--- Provided information ---

(* Let $K_1,K_2$ be infinite compact Hausdorff spaces. Then $C(K_1\times K_2)$ fails the ball fixed point property.
   Context: $C(K)$ is the real Banach space of continuous functions $K\to\mathbb{R}$ with the sup norm. A real Banach space $X$ has the ball fixed point property (BFPP) if every nonexpansive map $T\colon B_X\to B_X$ (i.e. $\|Tx-Ty\|\le\|x-y\|$) has a fixed point, where $B_X$ is the closed unit ball. *)

theory Defs
  imports "HOL-Analysis.Analysis"
begin

definition ball_fixed_point_property :: "'v::real_normed_vector itself \<Rightarrow> bool" where
  "ball_fixed_point_property _ \<longleftrightarrow>
     (\<forall>T :: 'v \<Rightarrow> 'v.
        (\<forall>x \<in> cball 0 1. T x \<in> cball 0 1) \<and>
        (\<forall>x \<in> cball 0 1. \<forall>y \<in> cball 0 1. norm (T x - T y) \<le> norm (x - y))
        \<longrightarrow> (\<exists>x \<in> cball 0 1. T x = x))"

end

theory Submission
  imports Defs
begin

text \<open>Suppose a continuous \<open>h\<close> on a space \<open>X\<close> has a point \<open>p\<close> in the closure of both
  \<open>{h > 0}\<close> and \<open>{h < 0}\<close>. Then \<open>f \<mapsto> max (-1) (min 1 (f + h))\<close> is a nonexpansive
  self-map of the unit ball of \<open>C(X)\<close> without fixed points: a fixed point would equal \<open>1\<close>
  on \<open>{h > 0}\<close> and \<open>-1\<close> on \<open>{h < 0}\<close>, which continuity forbids at \<open>p\<close>.
  On \<open>K\<^sub>1 \<times> K\<^sub>2\<close> take \<open>h (x, y) = w\<^sub>1 x - w\<^sub>2 y\<close>, where \<open>w\<^sub>i \<ge> 0\<close> vanishes at some
  \<open>a\<^sub>i\<close> lying in the closure of \<open>{w\<^sub>i > 0}\<close>; such \<open>w\<^sub>i\<close> exist on every infinite compact
  Hausdorff space, as a weighted sum \<open>\<Sum> 2\<^sup>-\<^sup>n \<phi>\<^sub>n\<close> of Urysohn functions supported in
  pairwise disjoint open sets \<open>U\<^sub>n\<close>, with \<open>a\<^sub>i\<close> a cluster point of points \<open>y\<^sub>n \<in> U\<^sub>n\<close>.\<close>

lemma Hausdorff_space_euclidean_t2: "Hausdorff_space (euclidean :: 'a::t2_space topology)"
  unfolding Hausdorff_space_def by (metis disjnt_def open_openin separation_t2)

lemma compact_t2_normal_space:
  assumes "compact (UNIV :: 'a::t2_space set)"
  shows "normal_space (euclidean :: 'a topology)"
proof (rule compact_Hausdorff_or_regular_imp_normal_space)
  show "compact_space (euclidean :: 'a topology)"
    using assms by (simp add: compact_space_def)
qed (simp add: Hausdorff_space_euclidean_t2)

lemma compact_t2_bump_function:
  fixes U :: "'a::t2_space set"
  assumes "compact (UNIV :: 'a set)" and "open U" and "y \<in> U"
  obtains \<phi> :: "'a \<Rightarrow> real"
  where "continuous_on UNIV \<phi>" "\<And>x. \<phi> x \<in> {0..1}" "\<phi> y = 1" "\<And>x. x \<notin> U \<Longrightarrow> \<phi> x = 0"
proof -
  have "closedin euclidean (- U)" "closedin euclidean {y}"
    using assms(2) by (simp_all add: closed_Compl flip: closed_closedin)
  moreover have "disjnt (- U) {y}"
    using assms(3) by (simp add: disjnt_def)
  ultimately obtain \<phi> :: "'a \<Rightarrow> real" where \<phi>: "continuous_map euclidean (top_of_set {0..1}) \<phi>"
    "\<phi> ` (- U) \<subseteq> {0}" "\<phi> ` {y} \<subseteq> {1}"
    by (metis Urysohn_lemma[OF compact_t2_normal_space[OF assms(1)] _ _ _ zero_le_one])
  have "continuous_on UNIV \<phi>" "\<phi> x \<in> {0..1}" for x
    using \<phi>(1) by (auto simp: continuous_map_in_subtopology)
  with \<phi>(2,3) show thesis
    by (intro that[of \<phi>]) auto
qed

lemma islimpt_split_neighbourhood:
  fixes a :: "'a::t2_space"
  assumes "a islimpt UNIV" and "open W" and "a \<in> W"
  obtains W' U y where "open W'" "a \<in> W'" "W' \<subseteq> W" "open U" "y \<in> U" "U \<subseteq> W" "U \<inter> W' = {}"
proof -
  obtain y where y: "y \<in> W" "y \<noteq> a"
    using islimptE[OF assms(1,3,2)] by blast
  then obtain U V where UV: "open U" "open V" "y \<in> U" "a \<in> V" "U \<inter> V = {}"
    using separation_t2[of y a] by blast
  show thesis
  proof (rule that[of "V \<inter> W" "U \<inter> W" y])
    show "open (V \<inter> W)" "open (U \<inter> W)"
      using UV(1,2) assms(2) by (simp_all add: open_Int)
  qed (use UV y assms(3) in blast)+
qed

lemma islimpt_disjoint_open_sequence:
  fixes a :: "'a::t2_space"
  assumes "a islimpt UNIV"
  obtains U :: "nat \<Rightarrow> 'a set" and y where
    "\<And>n. open (U n)" "\<And>n. y n \<in> U n" "disjoint_family U"
proof -
  define admissible where "admissible t \<longleftrightarrow>
     open (fst t) \<and> a \<in> fst t \<and> open (fst (snd t)) \<and> snd (snd t) \<in> fst (snd t)
       \<and> fst (snd t) \<inter> fst t = {}" for t :: "'a set \<times> 'a set \<times> 'a"
  define refines where "refines t t' \<longleftrightarrow> fst t' \<subseteq> fst t \<and> fst (snd t') \<subseteq> fst t"
    for t t' :: "'a set \<times> 'a set \<times> 'a"
  have "\<exists>t. \<forall>n. admissible (t n) \<and> refines (t n) (t (Suc n))"
  proof (rule dependent_nat_choice)
    obtain W U y where "open W" "a \<in> W" "open U" "y \<in> U" "U \<inter> W = {}"
      using islimpt_split_neighbourhood[OF assms open_UNIV UNIV_I] by metis
    then show "\<exists>t. admissible t"
      by (intro exI[of _ "(W, U, y)"]) (simp add: admissible_def)
  next
    fix t and n :: nat
    assume "admissible t"
    then obtain W U y where "open W" "a \<in> W" "W \<subseteq> fst t" "open U" "y \<in> U" "U \<subseteq> fst t"
      "U \<inter> W = {}"
      using islimpt_split_neighbourhood[OF assms] unfolding admissible_def by metis
    then show "\<exists>t'. admissible t' \<and> refines t t'"
      by (intro exI[of _ "(W, U, y)"]) (simp add: admissible_def refines_def)
  qed
  then obtain t where adm: "\<And>n. admissible (t n)" and ref: "\<And>n. refines (t n) (t (Suc n))"
    by blast
  define W where "W n = fst (t n)" for n
  define U where "U n = fst (snd (t n))" for n
  define y where "y n = snd (snd (t n))" for n
  have U: "open (U n)" "y n \<in> U n" "U n \<inter> W n = {}" for n
    using adm[of n] by (simp_all add: admissible_def W_def U_def y_def)
  have W_decseq: "W n \<subseteq> W m" if "m \<le> n" for m n
    using that
  proof (induction n rule: dec_induct)
    case (step k)
    then show ?case
      using ref[of k] by (auto simp: refines_def W_def)
  qed simp
  have "U m \<inter> U n = {}" if "m < n" for m n
  proof -
    obtain k where k: "n = Suc k" "m \<le> k"
      using \<open>m < n\<close> by (cases n) auto
    then have "U n \<subseteq> W m"
      using ref[of k] W_decseq[OF k(2)] by (auto simp: refines_def W_def U_def)
    then show ?thesis
      using U(3)[of m] by blast
  qed
  then have "disjoint_family U"
    unfolding disjoint_family_on_def by (metis Int_commute nat_neq_iff)
  with U show thesis
    using that by blast
qed

lemma continuous_on_geometric_weighted_suminf:
  fixes \<phi> :: "nat \<Rightarrow> 'a::topological_space \<Rightarrow> real"
  assumes "\<And>n. continuous_on S (\<phi> n)" and "\<And>n x. x \<in> S \<Longrightarrow> \<phi> n x \<in> {0..1}"
  shows "continuous_on S (\<lambda>x. \<Sum>n. (1/2)^n * \<phi> n x)"
proof (rule uniform_limit_theorem)
  show "\<forall>\<^sub>F n in sequentially. continuous_on S (\<lambda>x. \<Sum>i<n. (1/2::real)^i * \<phi> i x)"
    by (intro always_eventually allI continuous_intros assms(1))
  show "uniform_limit S (\<lambda>n x. \<Sum>i<n. (1/2::real)^i * \<phi> i x) (\<lambda>x. \<Sum>n. (1/2)^n * \<phi> n x)
          sequentially"
    by (rule Weierstrass_m_test[of _ _ "\<lambda>n. (1/2)^n"])
       (use assms(2) in \<open>auto intro!: mult_left_le simp: abs_mult\<close>)
qed simp

lemma compact_t2_weighted_bump_sum:
  fixes U :: "nat \<Rightarrow> 'a::t2_space set"
  assumes "compact (UNIV :: 'a set)" and "\<And>n. open (U n)" and "\<And>n. y n \<in> U n"
  obtains w :: "'a \<Rightarrow> real"
  where "continuous_on UNIV w" "\<And>x. 0 \<le> w x" "\<And>n. 0 < w (y n)"
    "\<And>x. x \<notin> (\<Union>n. U n) \<Longrightarrow> w x = 0"
proof -
  have "\<exists>\<phi> :: 'a \<Rightarrow> real. continuous_on UNIV \<phi> \<and> (\<forall>x. \<phi> x \<in> {0..1}) \<and> \<phi> (y n) = 1
          \<and> (\<forall>x. x \<notin> U n \<longrightarrow> \<phi> x = 0)" for n
    by (rule compact_t2_bump_function[OF assms(1) assms(2,3)[of n]]) blast
  then obtain \<phi> :: "nat \<Rightarrow> 'a \<Rightarrow> real" where
    \<phi>: "\<And>n. continuous_on UNIV (\<phi> n)" "\<And>n x. \<phi> n x \<in> {0..1}" "\<And>n. \<phi> n (y n) = 1"
      "\<And>n x. x \<notin> U n \<Longrightarrow> \<phi> n x = 0"
    by metis
  define w where "w x = (\<Sum>n. (1/2)^n * \<phi> n x)" for x
  have summable: "summable (\<lambda>n. (1/2::real)^n * \<phi> n x)" for x
    by (rule summable_comparison_test[of _ "\<lambda>n. (1/2::real)^n"])
       (use \<phi>(2) in \<open>auto intro!: mult_left_le simp: abs_mult\<close>)
  show thesis
  proof
    show "continuous_on UNIV w"
      unfolding w_def by (rule continuous_on_geometric_weighted_suminf[OF \<phi>(1,2)])
    show "0 \<le> w x" for x
      unfolding w_def using \<phi>(2) by (intro suminf_nonneg summable) simp
    show "w x = 0" if "x \<notin> (\<Union>n. U n)" for x
      unfolding w_def using \<phi>(4) that by simp
    show "0 < w (y n)" for n
    proof -
      have "(\<Sum>i\<in>{n}. (1/2::real)^i * \<phi> i (y n)) \<le> w (y n)"
        unfolding w_def using \<phi>(2) by (intro sum_le_suminf summable) auto
      then have "(1/2::real)^n \<le> w (y n)"
        using \<phi>(3)[of n] by simp
      moreover have "0 < (1/2::real)^n"
        by simp
      ultimately show ?thesis
        by linarith
    qed
  qed
qed

lemma islimpt_range_disjoint_family_notin_Union:
  fixes y :: "'i \<Rightarrow> 'a::t1_space"
  assumes "a islimpt range y" and "\<And>n. open (U n)" and "\<And>n. y n \<in> U n"
    and "disjoint_family U"
  shows "a \<notin> (\<Union>n. U n)"
proof
  assume "a \<in> (\<Union>n. U n)"
  then obtain n where "a \<in> U n"
    by blast
  then have "infinite (U n \<inter> range y)"
    using assms(1) assms(2)[of n] unfolding islimpt_eq_acc_point by blast
  moreover have "U n \<inter> range y \<subseteq> {y n}"
  proof
    fix x
    assume "x \<in> U n \<inter> range y"
    then obtain m where "x = y m" "y m \<in> U n"
      by blast
    then have "m = n"
      using assms(3)[of m] disjoint_family_onD[OF assms(4), of m n] by blast
    then show "x \<in> {y n}"
      using \<open>x = y m\<close> by simp
  qed
  ultimately show False
    using finite_subset by blast
qed
definition sample_set :: "nat \<Rightarrow> (nat \<Rightarrow> 'z) \<Rightarrow> 'z multiset" where
  "sample_set n s = image_mset s (mset [0..<n])"

definition cell :: "'z set \<Rightarrow> 'z multiset \<Rightarrow> 'z multiset" where
  "cell Zi A = filter_mset (\<lambda>z. z \<in> Zi) A"

definition hit_cells :: "nat \<Rightarrow> (nat \<Rightarrow> 'z set) \<Rightarrow> 'z multiset \<Rightarrow> nat set" where
  "hit_cells K Z A = {i \<in> {..<K}. cell (Z i) A \<noteq> {#}}"

definition eps_cell :: "('z \<Rightarrow> real) \<Rightarrow> 'z multiset \<Rightarrow> 'z multiset \<Rightarrow> real" where
  "eps_cell l SSi SSh =
     sum_mset (image_mset (\<lambda>z. sum_mset (image_mset (\<lambda>s. \<bar>l z - l s\<bar>) SSh)) SSi)
       / (real (size SSh) * real (size SSi))"

definition eps_bar :: "nat \<Rightarrow> (nat \<Rightarrow> 'z set) \<Rightarrow> ('z \<Rightarrow> real) \<Rightarrow> 'z multiset \<Rightarrow> 'z multiset \<Rightarrow> real" where
  "eps_bar K Z l S Sh =
     (let T = hit_cells K Z S;
          m = (\<Sum>i\<in>T. real (size (cell (Z i) Sh)))
      in \<Sum>i\<in>T. real (size (cell (Z i) Sh)) / m * eps_cell l (cell (Z i) S) (cell (Z i) Sh))"

definition u_hat :: "nat \<Rightarrow> (nat \<Rightarrow> 'z set) \<Rightarrow> real \<Rightarrow> real \<Rightarrow> nat \<Rightarrow> 'z multiset \<Rightarrow> real" where
  "u_hat K Z \<gamma> \<delta> n S =
     \<gamma> / (2 * real n)
     + \<gamma>\<^sup>2 / 2 * (\<Sum>i\<in>{..<K}. (real (size (cell (Z i) S)) / real n)\<^sup>2)
     + \<gamma>\<^sup>2 * sqrt (2 / real n * ln (2 * real K / \<delta>))"

definition g_fun :: "real \<Rightarrow> nat \<Rightarrow> nat \<Rightarrow> nat \<Rightarrow> real \<Rightarrow> real" where
  "g_fun C K n cardT \<delta> =
     C * (sqrt 2 + 1) * sqrt (real cardT * ln (2 * real K / \<delta>) / real n)
     + 2 * C * real cardT * ln (2 * real K / \<delta>) / real n"

end

theory Submission
  imports Defs
begin

(*
  Within a cell the empirical means of S and of the transformed sample S' differ by at most
  the mean pairwise loss gap eps_i.  Since the transformation keeps the cell proportions
  (n_i / n = m_i / m), F(S,h) and F(S',h) are the same convex combination of their cell means,
  so F(S,h) <= eps(h) + F(S',h) holds for every sample.  Randomness enters only through
  F(P,h) <= F(S,h) + C sqrt(ln(1/delta) / (2n)), which Hoeffding's inequality gives with
  probability at least 1 - delta.  This deviation is dominated by g(delta/2), as |T| >= 1 and
  ln(4K/delta) >= ln(1/delta); the term C sqrt(u alpha ln gamma) is nonnegative, and
  1 - delta >= 1 - gamma^-alpha - delta, so the bound holds on the Hoeffding event.
*)

lemma sum_mset_diff_distrib:
  fixes f g :: "'a \<Rightarrow> 'b::ab_group_add"
  shows "(\<Sum>x\<in>#A. f x - g x) = (\<Sum>x\<in>#A. f x) - (\<Sum>x\<in>#A. g x)"
  by (induction A) (simp_all add: algebra_simps)

lemma sum_mset_split_cells:
  fixes f :: "'z \<Rightarrow> 'a::comm_monoid_add"
  assumes "finite T" and disj: "disjoint_family_on Z T" and "set_mset A \<subseteq> (\<Union>i\<in>T. Z i)"
  shows "(\<Sum>x\<in>#A. f x) = (\<Sum>i\<in>T. \<Sum>x\<in>#cell (Z i) A. f x)"
  using assms(3)
proof (induction A)
  case empty
  then show ?case by (simp add: cell_def)
next
  case (add x A)
  then obtain k where k: "k \<in> T" "x \<in> Z k" by auto
  have "x \<in> Z i \<longleftrightarrow> i = k" if "i \<in> T" for i
    using disj k that by (auto simp: disjoint_family_on_def)
  then have "(\<Sum>i\<in>T. if x \<in> Z i then f x else 0) = f x"
    using k \<open>finite T\<close> by (simp cong: sum.cong)
  moreover have "(\<Sum>i\<in>T. \<Sum>y\<in>#cell (Z i) (add_mset x A). f y)
      = (\<Sum>i\<in>T. (if x \<in> Z i then f x else 0) + (\<Sum>y\<in>#cell (Z i) A. f y))"
    by (intro sum.cong refl) (simp add: cell_def)
  ultimately show ?case
    using add by (simp add: sum.distrib)
qed
(* Let $H$ be a graph. Then there is a full lc-sequence for $H$ if and only if each loopless connected component of $H$ consists of a single isolated vertex.
   Context: Graphs are finite, may have loops, but no multiple edges; an edge is either $\{u\}$ (a loop at $u$) or $\{u,w\}$ with $u\ne w$. A vertex is isolated if no edge (including a loop) is incident to it. A graph is loopless if no vertex is looped. For $v\in V(H)$, $N_H(v)=\{u\in V(H): u\neq v,\ \{u,v\}\in E(H)\}$. For a looped vertex $v$, the local complement $H*v$ is the graph on $V(H)$ such that for every $p\subseteq V(H)$ with $|p|\in\{1,2\}$: $p\in E(H*v)$ iff either ($p\notin E(H)$ and $p\subseteq N_H(v)$) or ($p\in E(H)$ and $p\not\subseteq N_H(v)$). $H*_c v$ (defined only when $v$ is looped) is obtained from $H*v$ by removing all edges incident to $v$, including its loop. For mutually distinct vertices $v_1,\dots,v_k$, the sequence $\varphi=*_c v_1 *_c v_2\cdots *_c v_k$ (applied left to right) is an lc-sequence for $H$ if each operation is applicable, i.e. $v_i$ is looped in $H*_c v_1\cdots *_c v_{i-1}$ for all $i$. It is full if the resulting graph $H\varphi$ consists only of isolated vertices. *)

theory Defs
  imports Main
begin

definition graph :: "'a set \<Rightarrow> 'a set set \<Rightarrow> bool" where
  "graph V E \<longleftrightarrow> finite V \<and> (\<forall>e\<in>E. e \<subseteq> V \<and> (card e = 1 \<or> card e = 2))"

definition looped :: "'a set set \<Rightarrow> 'a \<Rightarrow> bool" where
  "looped E v \<longleftrightarrow> {v} \<in> E"

definition isolated :: "'a set set \<Rightarrow> 'a \<Rightarrow> bool" where
  "isolated E v \<longleftrightarrow> (\<forall>e\<in>E. v \<notin> e)"

definition nbhd :: "'a set \<Rightarrow> 'a set set \<Rightarrow> 'a \<Rightarrow> 'a set" where
  "nbhd V E v = {u\<in>V. u \<noteq> v \<and> {u, v} \<in> E}"

definition lc :: "'a set \<Rightarrow> 'a set set \<Rightarrow> 'a \<Rightarrow> 'a set set" where
  "lc V E v = {p. p \<subseteq> V \<and> (card p = 1 \<or> card p = 2) \<and>
      ((p \<notin> E \<and> p \<subseteq> nbhd V E v) \<or> (p \<in> E \<and> \<not> p \<subseteq> nbhd V E v))}"

definition lcc :: "'a set \<Rightarrow> 'a set set \<Rightarrow> 'a \<Rightarrow> 'a set set" where
  "lcc V E v = {p \<in> lc V E v. v \<notin> p}"

fun lc_apply :: "'a set \<Rightarrow> 'a set set \<Rightarrow> 'a list \<Rightarrow> 'a set set" where
  "lc_apply V E [] = E"
| "lc_apply V E (v # vs) = lc_apply V (lcc V E v) vs"

fun lc_applicable :: "'a set \<Rightarrow> 'a set set \<Rightarrow> 'a list \<Rightarrow> bool" where
  "lc_applicable V E [] = True"
| "lc_applicable V E (v # vs) \<longleftrightarrow> looped E v \<and> lc_applicable V (lcc V E v) vs"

---

**Goal of the exercise:** Please copy, exactly as written, every line in the listing above from the line with "ultimately show False" up to and including the line with "A = filter_mset".

**Written answer:**
  ultimately show False
    using finite_subset by blast
qed
definition sample_set :: "nat \<Rightarrow> (nat \<Rightarrow> 'z) \<Rightarrow> 'z multiset" where
  "sample_set n s = image_mset s (mset [0..<n])"

definition cell :: "'z set \<Rightarrow> 'z multiset \<Rightarrow> 'z multiset" where
  "cell Zi A = filter_mset (\<lambda>z. z \<in> Zi) A"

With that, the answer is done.